• **INFORMATION GIVEN**
Content starts

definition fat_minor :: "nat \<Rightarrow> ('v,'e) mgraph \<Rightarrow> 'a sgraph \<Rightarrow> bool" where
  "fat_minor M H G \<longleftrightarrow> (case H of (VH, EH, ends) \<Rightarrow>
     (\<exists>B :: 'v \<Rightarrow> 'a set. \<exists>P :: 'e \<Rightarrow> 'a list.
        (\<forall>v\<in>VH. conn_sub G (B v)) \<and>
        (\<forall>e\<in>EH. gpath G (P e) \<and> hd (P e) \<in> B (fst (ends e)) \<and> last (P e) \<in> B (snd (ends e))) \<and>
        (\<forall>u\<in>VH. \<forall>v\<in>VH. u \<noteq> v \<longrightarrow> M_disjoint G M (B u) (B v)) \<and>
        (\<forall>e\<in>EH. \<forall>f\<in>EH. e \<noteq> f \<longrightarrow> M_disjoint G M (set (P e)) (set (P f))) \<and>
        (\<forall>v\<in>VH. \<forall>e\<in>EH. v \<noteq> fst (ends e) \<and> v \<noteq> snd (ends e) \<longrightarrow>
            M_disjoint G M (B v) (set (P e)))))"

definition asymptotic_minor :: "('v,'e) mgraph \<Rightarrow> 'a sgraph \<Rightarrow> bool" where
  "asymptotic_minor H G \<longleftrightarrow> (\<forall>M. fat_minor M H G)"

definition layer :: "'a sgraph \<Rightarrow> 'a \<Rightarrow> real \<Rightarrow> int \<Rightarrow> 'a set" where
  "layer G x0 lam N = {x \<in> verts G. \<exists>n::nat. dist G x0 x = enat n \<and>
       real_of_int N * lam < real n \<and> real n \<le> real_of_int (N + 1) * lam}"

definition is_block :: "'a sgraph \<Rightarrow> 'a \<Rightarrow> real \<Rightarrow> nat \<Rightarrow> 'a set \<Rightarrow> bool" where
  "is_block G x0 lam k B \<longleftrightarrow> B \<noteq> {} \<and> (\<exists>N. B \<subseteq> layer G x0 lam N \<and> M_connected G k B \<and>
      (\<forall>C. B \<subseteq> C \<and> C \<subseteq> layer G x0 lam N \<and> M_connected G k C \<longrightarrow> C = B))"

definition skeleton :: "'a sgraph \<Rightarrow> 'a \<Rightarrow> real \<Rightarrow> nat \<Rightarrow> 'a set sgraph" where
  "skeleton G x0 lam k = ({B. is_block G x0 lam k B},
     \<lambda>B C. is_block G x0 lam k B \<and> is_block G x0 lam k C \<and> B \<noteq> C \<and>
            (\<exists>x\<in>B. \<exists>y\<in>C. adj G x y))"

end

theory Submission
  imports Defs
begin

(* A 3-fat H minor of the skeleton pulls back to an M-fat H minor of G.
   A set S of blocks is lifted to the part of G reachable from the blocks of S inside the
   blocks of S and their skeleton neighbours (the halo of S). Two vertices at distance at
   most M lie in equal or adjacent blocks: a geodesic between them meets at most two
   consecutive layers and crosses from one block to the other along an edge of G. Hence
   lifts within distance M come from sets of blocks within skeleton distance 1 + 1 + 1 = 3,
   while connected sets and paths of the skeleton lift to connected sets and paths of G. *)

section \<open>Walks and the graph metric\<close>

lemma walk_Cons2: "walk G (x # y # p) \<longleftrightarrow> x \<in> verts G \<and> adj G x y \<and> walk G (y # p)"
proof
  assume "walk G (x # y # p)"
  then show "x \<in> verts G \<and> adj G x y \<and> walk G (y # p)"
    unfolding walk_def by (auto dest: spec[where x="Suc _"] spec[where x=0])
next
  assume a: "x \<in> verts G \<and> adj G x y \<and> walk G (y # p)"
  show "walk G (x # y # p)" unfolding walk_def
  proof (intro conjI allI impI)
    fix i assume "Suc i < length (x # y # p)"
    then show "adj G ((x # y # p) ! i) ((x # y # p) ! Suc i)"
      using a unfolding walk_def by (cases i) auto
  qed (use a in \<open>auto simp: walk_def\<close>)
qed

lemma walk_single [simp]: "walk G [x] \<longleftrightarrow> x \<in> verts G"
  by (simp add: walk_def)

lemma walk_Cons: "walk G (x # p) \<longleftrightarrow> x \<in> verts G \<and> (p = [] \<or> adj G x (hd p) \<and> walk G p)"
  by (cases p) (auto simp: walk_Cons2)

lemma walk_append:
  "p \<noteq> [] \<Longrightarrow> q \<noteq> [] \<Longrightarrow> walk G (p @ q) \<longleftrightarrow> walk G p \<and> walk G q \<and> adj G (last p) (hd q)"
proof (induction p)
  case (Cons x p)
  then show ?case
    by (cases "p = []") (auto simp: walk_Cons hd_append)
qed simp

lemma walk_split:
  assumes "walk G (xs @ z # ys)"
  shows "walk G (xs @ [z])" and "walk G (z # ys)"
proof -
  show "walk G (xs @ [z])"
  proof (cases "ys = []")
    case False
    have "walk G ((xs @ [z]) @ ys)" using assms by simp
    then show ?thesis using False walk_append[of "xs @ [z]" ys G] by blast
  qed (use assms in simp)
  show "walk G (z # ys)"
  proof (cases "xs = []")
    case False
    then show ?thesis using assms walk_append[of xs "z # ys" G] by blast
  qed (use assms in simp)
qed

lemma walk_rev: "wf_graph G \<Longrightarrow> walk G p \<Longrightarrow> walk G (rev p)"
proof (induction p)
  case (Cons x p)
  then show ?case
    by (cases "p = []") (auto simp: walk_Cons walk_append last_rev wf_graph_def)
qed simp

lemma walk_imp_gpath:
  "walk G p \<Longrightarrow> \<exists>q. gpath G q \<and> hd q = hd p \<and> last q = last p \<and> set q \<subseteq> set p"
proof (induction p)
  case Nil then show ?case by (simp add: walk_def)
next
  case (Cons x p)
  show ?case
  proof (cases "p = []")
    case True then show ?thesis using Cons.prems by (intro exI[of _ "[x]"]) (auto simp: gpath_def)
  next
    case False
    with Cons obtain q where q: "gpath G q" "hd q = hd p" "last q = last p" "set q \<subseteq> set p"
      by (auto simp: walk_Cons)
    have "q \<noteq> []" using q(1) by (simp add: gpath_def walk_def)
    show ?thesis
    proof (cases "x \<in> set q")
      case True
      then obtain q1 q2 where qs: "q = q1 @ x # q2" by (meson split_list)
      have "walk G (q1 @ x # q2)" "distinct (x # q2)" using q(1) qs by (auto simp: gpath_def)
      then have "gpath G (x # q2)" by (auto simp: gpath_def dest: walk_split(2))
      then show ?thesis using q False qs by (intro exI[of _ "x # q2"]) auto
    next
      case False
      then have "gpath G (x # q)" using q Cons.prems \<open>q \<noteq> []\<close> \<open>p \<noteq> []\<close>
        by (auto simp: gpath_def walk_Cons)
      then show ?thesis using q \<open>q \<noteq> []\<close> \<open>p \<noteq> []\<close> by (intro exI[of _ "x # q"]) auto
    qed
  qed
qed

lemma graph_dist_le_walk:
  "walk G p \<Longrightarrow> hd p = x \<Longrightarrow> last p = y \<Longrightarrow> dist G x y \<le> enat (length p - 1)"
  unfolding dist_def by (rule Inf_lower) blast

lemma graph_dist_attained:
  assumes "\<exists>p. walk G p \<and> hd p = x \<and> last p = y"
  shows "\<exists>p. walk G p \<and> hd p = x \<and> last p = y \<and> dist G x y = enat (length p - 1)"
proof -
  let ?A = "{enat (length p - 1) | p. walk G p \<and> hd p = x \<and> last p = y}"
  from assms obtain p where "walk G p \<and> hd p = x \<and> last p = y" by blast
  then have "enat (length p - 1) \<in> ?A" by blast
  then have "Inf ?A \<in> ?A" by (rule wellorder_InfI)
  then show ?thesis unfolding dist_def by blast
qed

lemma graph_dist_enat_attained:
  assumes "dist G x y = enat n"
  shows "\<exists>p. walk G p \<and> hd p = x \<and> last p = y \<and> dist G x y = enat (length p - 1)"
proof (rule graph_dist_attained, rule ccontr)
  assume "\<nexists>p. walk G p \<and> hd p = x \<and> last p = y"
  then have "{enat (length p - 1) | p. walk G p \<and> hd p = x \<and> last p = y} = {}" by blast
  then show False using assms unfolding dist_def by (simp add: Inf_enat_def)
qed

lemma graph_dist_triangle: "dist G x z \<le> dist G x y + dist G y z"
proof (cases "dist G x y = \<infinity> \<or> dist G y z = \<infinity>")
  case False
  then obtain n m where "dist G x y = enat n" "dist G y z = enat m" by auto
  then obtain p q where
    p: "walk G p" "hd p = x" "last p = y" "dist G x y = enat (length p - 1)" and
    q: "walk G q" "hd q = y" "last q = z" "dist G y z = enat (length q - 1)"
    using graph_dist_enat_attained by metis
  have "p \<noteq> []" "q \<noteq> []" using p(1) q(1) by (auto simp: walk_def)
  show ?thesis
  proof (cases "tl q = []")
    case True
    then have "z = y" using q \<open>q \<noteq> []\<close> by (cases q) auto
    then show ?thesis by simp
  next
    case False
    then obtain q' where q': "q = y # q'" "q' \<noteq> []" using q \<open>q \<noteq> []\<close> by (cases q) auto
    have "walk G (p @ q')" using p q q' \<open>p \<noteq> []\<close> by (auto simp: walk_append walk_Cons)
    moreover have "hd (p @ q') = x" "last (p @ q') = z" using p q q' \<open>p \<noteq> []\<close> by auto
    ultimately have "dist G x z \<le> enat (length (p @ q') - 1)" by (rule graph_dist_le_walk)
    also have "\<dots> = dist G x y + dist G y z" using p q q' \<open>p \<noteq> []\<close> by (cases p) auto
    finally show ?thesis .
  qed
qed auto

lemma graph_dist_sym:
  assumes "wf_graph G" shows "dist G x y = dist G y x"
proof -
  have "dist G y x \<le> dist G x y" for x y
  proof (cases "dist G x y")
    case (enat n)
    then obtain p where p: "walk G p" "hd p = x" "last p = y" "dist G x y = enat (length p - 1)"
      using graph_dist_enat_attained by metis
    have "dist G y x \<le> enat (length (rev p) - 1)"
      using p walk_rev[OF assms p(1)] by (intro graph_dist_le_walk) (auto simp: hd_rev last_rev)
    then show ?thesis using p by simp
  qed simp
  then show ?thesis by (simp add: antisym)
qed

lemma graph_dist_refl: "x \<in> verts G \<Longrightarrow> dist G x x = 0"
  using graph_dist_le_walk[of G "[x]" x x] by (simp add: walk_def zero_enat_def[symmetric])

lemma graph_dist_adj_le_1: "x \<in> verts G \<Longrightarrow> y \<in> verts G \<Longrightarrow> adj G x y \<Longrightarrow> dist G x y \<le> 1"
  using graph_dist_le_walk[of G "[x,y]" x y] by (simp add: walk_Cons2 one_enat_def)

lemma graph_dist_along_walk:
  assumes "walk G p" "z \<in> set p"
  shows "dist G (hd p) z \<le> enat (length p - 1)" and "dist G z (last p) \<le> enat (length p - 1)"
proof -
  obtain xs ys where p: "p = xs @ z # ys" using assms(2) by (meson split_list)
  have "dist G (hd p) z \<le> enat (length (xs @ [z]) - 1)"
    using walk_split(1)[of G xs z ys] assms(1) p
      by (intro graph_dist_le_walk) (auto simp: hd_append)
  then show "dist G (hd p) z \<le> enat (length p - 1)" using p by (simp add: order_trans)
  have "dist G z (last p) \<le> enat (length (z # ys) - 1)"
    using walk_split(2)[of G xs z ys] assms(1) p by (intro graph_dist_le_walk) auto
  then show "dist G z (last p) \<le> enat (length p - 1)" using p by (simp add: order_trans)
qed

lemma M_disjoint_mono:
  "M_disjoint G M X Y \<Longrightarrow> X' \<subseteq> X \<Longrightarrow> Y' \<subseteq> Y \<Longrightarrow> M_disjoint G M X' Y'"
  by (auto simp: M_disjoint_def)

Content ends

• **WHAT IS EXPECTED**
Repeat the material word for word from its opening line up to and including the line containing "(\<forall>u\<in>VH. \<forall>v\<in>VH. u".

• **ANSWER SECTION**
definition fat_minor :: "nat \<Rightarrow> ('v,'e) mgraph \<Rightarrow> 'a sgraph \<Rightarrow> bool" where
  "fat_minor M H G \<longleftrightarrow> (case H of (VH, EH, ends) \<Rightarrow>
     (\<exists>B :: 'v \<Rightarrow> 'a set. \<exists>P :: 'e \<Rightarrow> 'a list.
        (\<forall>v\<in>VH. conn_sub G (B v)) \<and>
        (\<forall>e\<in>EH. gpath G (P e) \<and> hd (P e) \<in> B (fst (ends e)) \<and> last (P e) \<in> B (snd (ends e))) \<and>
        (\<forall>u\<in>VH. \<forall>v\<in>VH. u \<noteq> v \<longrightarrow> M_disjoint G M (B u) (B v)) \<and>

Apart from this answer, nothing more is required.